Casualties and losses
- 22,000–28,000 killed 11,000 prisoners: Unknown

= Aksumite invasion of Himyar =

518–528 invasion of Himyarite Kingdom by Aksumite Empire

The Aksumite invasion of Himyar consisted of a series of two invasions from 518 to 525 fought between the Christian Kingdom of Aksum and the Jewish Himyarite Kingdom. The wars functioned as proxy wars waged by the former on behalf of the Roman Empire during the Roman-Persian Wars with the ultimate goal of establishing an anti-Sasanian bloc in Arabia Felix.

==Background==
During the 2nd and 3rd centuries AD, the Southern part of Arabia, known in antiquity as Arabia Felix, had experienced Aksumite political and military involvement, as the Aksumites had occupied relatively peripheral areas in the region and formed alliances with the local tribes.

During the late 4th century AD, the local population converted to Judaism, and a Jewish kingdom known as Himyar was established. During the reign of Himyarite King Yanuf Dhu Shanatir, the Aksumites established diplomatic relations with the Himyarite capital city of Ẓafār, but the friendly relations between the two kingdoms did not last long, as in the second decade of the 6th century AD, the Jewish Himyarites began to persecute the Christian community of Southern Arabia.

A severe drought in the 6th century weakened the Himyarite kingdom and contributed to its eventual conquest by Aksum.

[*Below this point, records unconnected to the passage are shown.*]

definition int_box :: "nat \<Rightarrow> (nat \<Rightarrow> int) \<Rightarrow> int vec set" where
  "int_box n u = {v \<in> carrier_vec n. \<forall>i<n. 0 \<le> v $ i \<and> v $ i < u i}"

lemma card_int_box: "card (int_box n u) = (\<Prod>i<n. nat (u i))"
proof -
  let ?R = "{v \<in> carrier_vec n. \<forall>i<n. 0 \<le> v $ i \<and> v $ i < u i}"
  let ?Q = "PiE {..<n} (\<lambda>i. {0..<u i})"
  have "bij_betw (\<lambda>v. restrict (\<lambda>i. v $ i) {..<n}) ?R ?Q"
  proof (rule bij_betw_byWitness[where f' = "vec n"])
    show "\<forall>v\<in>?R. vec n (restrict (\<lambda>i. v $ i) {..<n}) = v" by (auto intro!: eq_vecI)
    show "\<forall>f\<in>?Q. restrict (\<lambda>i. vec n f $ i) {..<n} = f"
    proof
      fix f assume f: "f \<in> ?Q"
      show "restrict (\<lambda>i. vec n f $ i) {..<n} = f"
      proof
        fix i show "restrict (\<lambda>i. vec n f $ i) {..<n} i = f i"
          using f by (cases "i < n") (auto simp: PiE_iff extensional_def)
      qed
    qed
    show "(\<lambda>v. restrict (\<lambda>i. v $ i) {..<n}) ` ?R \<subseteq> ?Q"
      by (rule image_subsetI) (unfold restrict_PiE_iff, auto)
    show "vec n ` ?Q \<subseteq> ?R"
    proof
      fix v assume "v \<in> vec n ` ?Q"
      then obtain f where "f \<in> ?Q" "v = vec n f" by auto
      then show "v \<in> ?R" by (auto simp: PiE_iff)
    qed
  qed
  then have "card ?R = card ?Q" by (rule bij_betw_same_card)
  then show ?thesis unfolding int_box_def by (simp add: card_PiE)
qed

==Aksumite invasion of 518==
Negus Kālēb dispatched a punitive expedition to Arabia Felix led by general Ḥayyān, for both irredentist reasons and in response to the persecution of Christians in Najran by the Himyarite King Masruq. The initial military campaign was successful and the Aksumites brought to power a Himyar Christian by the name of Maʿdīkarib Yaʿfur. However, in 522 Yūsuf Dhū Nuwās declared himself king in a successful coup d'état and began to persecute Christians once again by setting fire to churches and attacking Christian communities in Ẓafār and Tihāma. In 524, Yūsuf Dhū Nuwās besieged the Christian city of Najran and ordered his troops to slaughter the whole city for refusing to convert to Judaism, and news of the massacres rapidly spread across the region.

==Aksumite invasion of 525==
In response to the massacres of Christians by Dhū Nuwās, the Byzantine emperor Justin I sent a call to arms through the Patriarch of Alexandria Timothy IV, and Negus Kālēb decided to lead his armies in person into another invasion in 525. The Aksumite army was reinforced by the Roman army sent by the Byzantine emperor Justin I. Following the defeat of Yūsuf Dhū Nuwās, another Himyar Christian by the name of Sumūyafa Ashwa was crowned King of Himyar, soon after Christian churches were rebuilt and Christians who were forcibly converted to Judaism were allowed to revert to Christianity.

==Aftermath==
In 535, a Christian Aksumite general by the name of Abrǝhā revolted against Sumūyafa Ashwa and seized power, declaring himself King of Himyar. After several unsuccessful military campaigns by Negus Kālēb to overthrow the new king, Abrǝhā remained in power in exchange for a tribute and soon after established diplomatic relations with the Aksumite Kingdom, the Byzantine Empire and the Sasanian Empire.